ICEORY/PMF

When shall we use pcd_aug?

hadonga opened this issue · 3 comments

Thanks in advance for sharing your code for public research. The code is very standardized and easy to understand.

For my understanding, ./pc_processor/dataset/preprocess/augmentor.py is to preform PC augmenting operation such as flip, translation, etc. However, my concern is whether this will break image matching ( Lidar to camera2 matrix). Then I noticed that you have set the value of pcd_aug to false in ./tasks/pmf/trainer.py.

My questions:

1. Do you adopt pcd_aug in training?
2. In what situations should we adopt pcd_aug?
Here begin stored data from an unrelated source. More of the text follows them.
lemma cop_unit: "cop e = bvec (e, e)"
proof -
  have "Delta cop (bvec e) = bvec (e, e)"
    using hopf unfolding graded_connected_comm_hopf_def by (elim conjE) assumption
  then show ?thesis by (simp add: Delta_def)
qed

lemma mu_unit_left: "mu e b = bvec b"
  using hmul_unit_left[of "bvec b"] by (simp add: hmul_def)

lemma mu_unit_right: "mu a e = bvec a"
  using hmul_commute[of "bvec a" "bvec e"] by (simp add: hmul_unit_left) (simp add: hmul_def)

lemma deg_unit: "deg e = 0"
  by (simp add: deg_eq_0_iff)

lemma deg_ge_1: "b \<noteq> e \<Longrightarrow> deg b \<ge> 1"
  using deg_eq_0_iff by (metis less_one not_le)

lemma deg_fst_le: "p \<in> Poly_Mapping.keys (cop a) \<Longrightarrow> deg (fst p) \<le> deg a"
  using deg_cop by (metis le_add1 prod.collapse)

text \<open>From \<open>(id \<otimes> \<epsilon>) \<Delta> = id\<close>: in left degree \<open>deg v\<close> only \<open>\<H>\<^sub>0 = \<complex> 1\<close> occurs on the right.\<close>

lemma lookup_cop_right_unit:
  assumes "deg w = deg v"
  shows "Poly_Mapping.lookup (cop v) (w, e) = (if w = v then 1 else 0)"
proof -
  let ?L = "Poly_Mapping.lookup (cop v)"
  let ?g = "\<lambda>(u, v). pm_smult (cou v) (bvec u)"
  have "Poly_Mapping.lookup (bvec v) w =
      (\<Sum>p\<in>Poly_Mapping.keys (cop v). ?L p * Poly_Mapping.lookup (?g p) w)"
    by (subst counit_right [of v, symmetric]) (simp add: lookup_pm_lext)
  also have "\<dots> = (\<Sum>p\<in>Poly_Mapping.keys (cop v). if p = (w, e) then ?L p else 0)"
  proof (rule sum.cong [OF refl])
    fix p assume p: "p \<in> Poly_Mapping.keys (cop v)"
    obtain w' u where p_eq: "p = (w', u)" by (cases p)
    show "?L p * Poly_Mapping.lookup (?g p) w = (if p = (w, e) then ?L p else 0)"
    proof (cases "w' = w")
      case True
      have "deg w' + deg u = deg v"
        using deg_cop p by (simp add: p_eq)
      then have "deg u = 0"
        using assms True by simp
      then have "u = e"
        by (simp add: deg_eq_0_iff)
      then show ?thesis using True p_eq counit_unit by (simp add: lookup_bvec)
    qed (auto simp: p_eq lookup_bvec)
  qed
  also have "\<dots> = ?L (w, e)"
    by (simp add: in_keys_iff)
  finally show ?thesis by (simp add: lookup_bvec)
qed
lemma append_lyndon_append_less:
  assumes "lyndon a" "u < a" "u \<noteq> []"
  shows "u @ a @ E < a"
  using assms(2)
proof (cases rule: less_listE)
  case (1 y)
  then show ?thesis using lyndon_less_suffix_append[OF assms(1) 1(1) assms(3) 1(2), of E "[]"] by simp
next
  case 2 then show ?thesis using 2[of "a @ E" "[]"] by simp
qed

section \<open>Lyndon factorization\<close>

definition lyndon_factorization :: "'a::linorder list list \<Rightarrow> bool" where
  "lyndon_factorization fs \<longleftrightarrow> (\<forall>f\<in>set fs. lyndon f) \<and> sorted_wrt (\<lambda>x y. y \<le> x) fs"

lemma lyndon_factorization_Nil [simp]: "lyndon_factorization []"
  by (simp add: lyndon_factorization_def)

lemma lyndon_factorization_singleton [simp]: "lyndon_factorization [f] \<longleftrightarrow> lyndon f"
  by (simp add: lyndon_factorization_def)

lemma lyndon_factorization_Cons:
  "lyndon_factorization (f # fs) \<longleftrightarrow> lyndon f \<and> (\<forall>g\<in>set fs. g \<le> f) \<and> lyndon_factorization fs"
  by (auto simp: lyndon_factorization_def)

lemma lyndon_factorization_append:
  "lyndon_factorization (fs @ gs) \<longleftrightarrow>
     lyndon_factorization fs \<and> lyndon_factorization gs \<and> (\<forall>f\<in>set fs. \<forall>g\<in>set gs. g \<le> f)"
  by (auto simp: lyndon_factorization_def sorted_wrt_append)

lemma lyndon_factorization_lyndon: "lyndon_factorization fs \<Longrightarrow> f \<in> set fs \<Longrightarrow> lyndon f"
  by (simp add: lyndon_factorization_def)

lemma lyndon_factorization_le_hd: "lyndon_factorization fs \<Longrightarrow> g \<in> set fs \<Longrightarrow> g \<le> hd fs"
  by (cases fs) (auto simp: lyndon_factorization_Cons)

lemma lyndon_factorization_last_le:
  "lyndon_factorization fs \<Longrightarrow> f \<in> set fs \<Longrightarrow> last fs \<le> f"
  by (induction fs) (auto simp: lyndon_factorization_Cons)

lemma lyndon_factorization_filter: "lyndon_factorization fs \<Longrightarrow> lyndon_factorization (filter P fs)"
  by (simp add: lyndon_factorization_def sorted_wrt_filter)

lemma lyndon_factorization_mset_eq:
  assumes "lyndon_factorization fs" "lyndon_factorization gs" "mset fs = mset gs"
  shows "fs = gs"
proof -
  have "sorted (rev fs)" "sorted (rev gs)"
    using assms(1,2) by (simp_all add: lyndon_factorization_def sorted_wrt_rev)
  then have "rev fs = sort (rev gs)" "rev gs = sort (rev gs)"
    using properties_for_sort[of "rev fs" "rev gs"] assms(3) by (simp_all add: sorted_sort_id)
  then show ?thesis by simp
qed

fun lyndon_merge :: "'a::linorder list \<Rightarrow> 'a list list \<Rightarrow> 'a list list" where
  "lyndon_merge x [] = [x]"
| "lyndon_merge x (e # es) = (if x < e then lyndon_merge (x @ e) es else x # e # es)"

lemma lyndon_merge_factorization:
  "lyndon x \<Longrightarrow> lyndon_factorization es \<Longrightarrow>
     lyndon_factorization (lyndon_merge x es) \<and> concat (lyndon_merge x es) = x @ concat es"
proof (induction x es rule: lyndon_merge.induct)
  case (2 x e es)
  show ?case
  proof (cases "x < e")
    case True
    have "lyndon (x @ e)" using lyndon_append[OF 2(2) _ True] 2(3) by (simp add: lyndon_factorization_Cons)
    then show ?thesis using 2(1)[OF True] 2(3) True by (simp add: lyndon_factorization_Cons)
  next
    case False
    then show ?thesis using 2 by (auto simp: lyndon_factorization_Cons intro: order.trans)
  qed
qed simp

lemma lyndon_mergeE:
  obtains k where "k \<le> length es" "lyndon_merge x es = (x @ concat (take k es)) # drop k es"
    "\<forall>i<k. x @ concat (take i es) < es ! i"
proof -
  have "\<exists>k \<le> length es. lyndon_merge x es = (x @ concat (take k es)) # drop k es \<and>
      (\<forall>i<k. x @ concat (take i es) < es ! i)"
  proof (induction x es rule: lyndon_merge.induct)
    case (2 x e es)
    show ?case
    proof (cases "x < e")
      case True
      then obtain k where k: "k \<le> length es"
        "lyndon_merge (x @ e) es = (x @ e @ concat (take k es)) # drop k es"
        "\<forall>i<k. x @ e @ concat (take i es) < es ! i"
        using 2(1) by auto
      show ?thesis
      proof (intro exI[of _ "Suc k"] conjI allI impI)
        fix i assume "i < Suc k"
        then show "x @ concat (take i (e # es)) < (e # es) ! i"
          using k(3) True by (cases i) auto
      qed (use k True in auto)
    next
      case False
      then show ?thesis by (intro exI[of _ 0]) auto
    qed
  qed simp
  then show thesis using that by blast
qed

lemma hd_lyndon_merge_le: "hd (lyndon_merge x es) \<le> x @ concat es"
proof -
  obtain k where "lyndon_merge x es = (x @ concat (take k es)) # drop k es"
    by (rule lyndon_mergeE)
  then show ?thesis
    using le_append[of "x @ concat (take k es)" "concat (drop k es)"]
    by (simp flip: concat_append)
qed

lemma even_length_concat: "\<forall>e\<in>set es. even (length e) \<Longrightarrow> even (length (concat es))"
  by (induction es) auto

lemma even_lyndon_merge:
  assumes "even (length x)" "\<forall>e\<in>set es. even (length e)"
  shows "\<forall>e\<in>set (lyndon_merge x es). even (length e)"
proof -
  obtain k where k: "lyndon_merge x es = (x @ concat (take k es)) # drop k es"
    by (rule lyndon_mergeE)
  have "even (length (concat (take k es)))"
    using assms(2) by (intro even_length_concat) (auto dest: in_set_takeD)
  then show ?thesis using k assms by (auto dest: in_set_dropD)
qed

lemma lyndon_factorization_exists: "\<exists>fs. lyndon_factorization fs \<and> concat fs = w"
proof (induction w)
  case (Cons a w)
  then obtain fs where "lyndon_factorization fs" "concat fs = w" by blast
  then show ?case using lyndon_merge_factorization[of "[a]" fs] by auto
qed (intro exI[of _ "[]"], simp)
Looking forward to your reply, thanks.

Thanks for attention.

  1. Use pcd augmentation in the training stage. What written in the ./tasks/pmf/trainer.py is just a default value, you can check augmentation related config for more info.
  2. Pcd augmentation is to avoid over fitting, it's nearly always used in the training stage, but some methods will also adopt augmentation in the test stage, you can google test time augmentation or TTA for details, but I think it's more like a kaggle trick, which cannot improve the real ability of the algorithm.

Hi @hadonga Did you reproduce the performance reported in the paper using augmentation?

Hi there. Data augmentation is a nice try to improve the performance. However, as you mentioned in your email, it turns out the performance is even worse after w/ augmentation. In my opinion, it is because the simple augmentation(augmentor.py) will break the consistency between PC and image. You can find some cross-modal augmentation papers to get more insights. good luck~ ps. pointaugmenting is a good paper.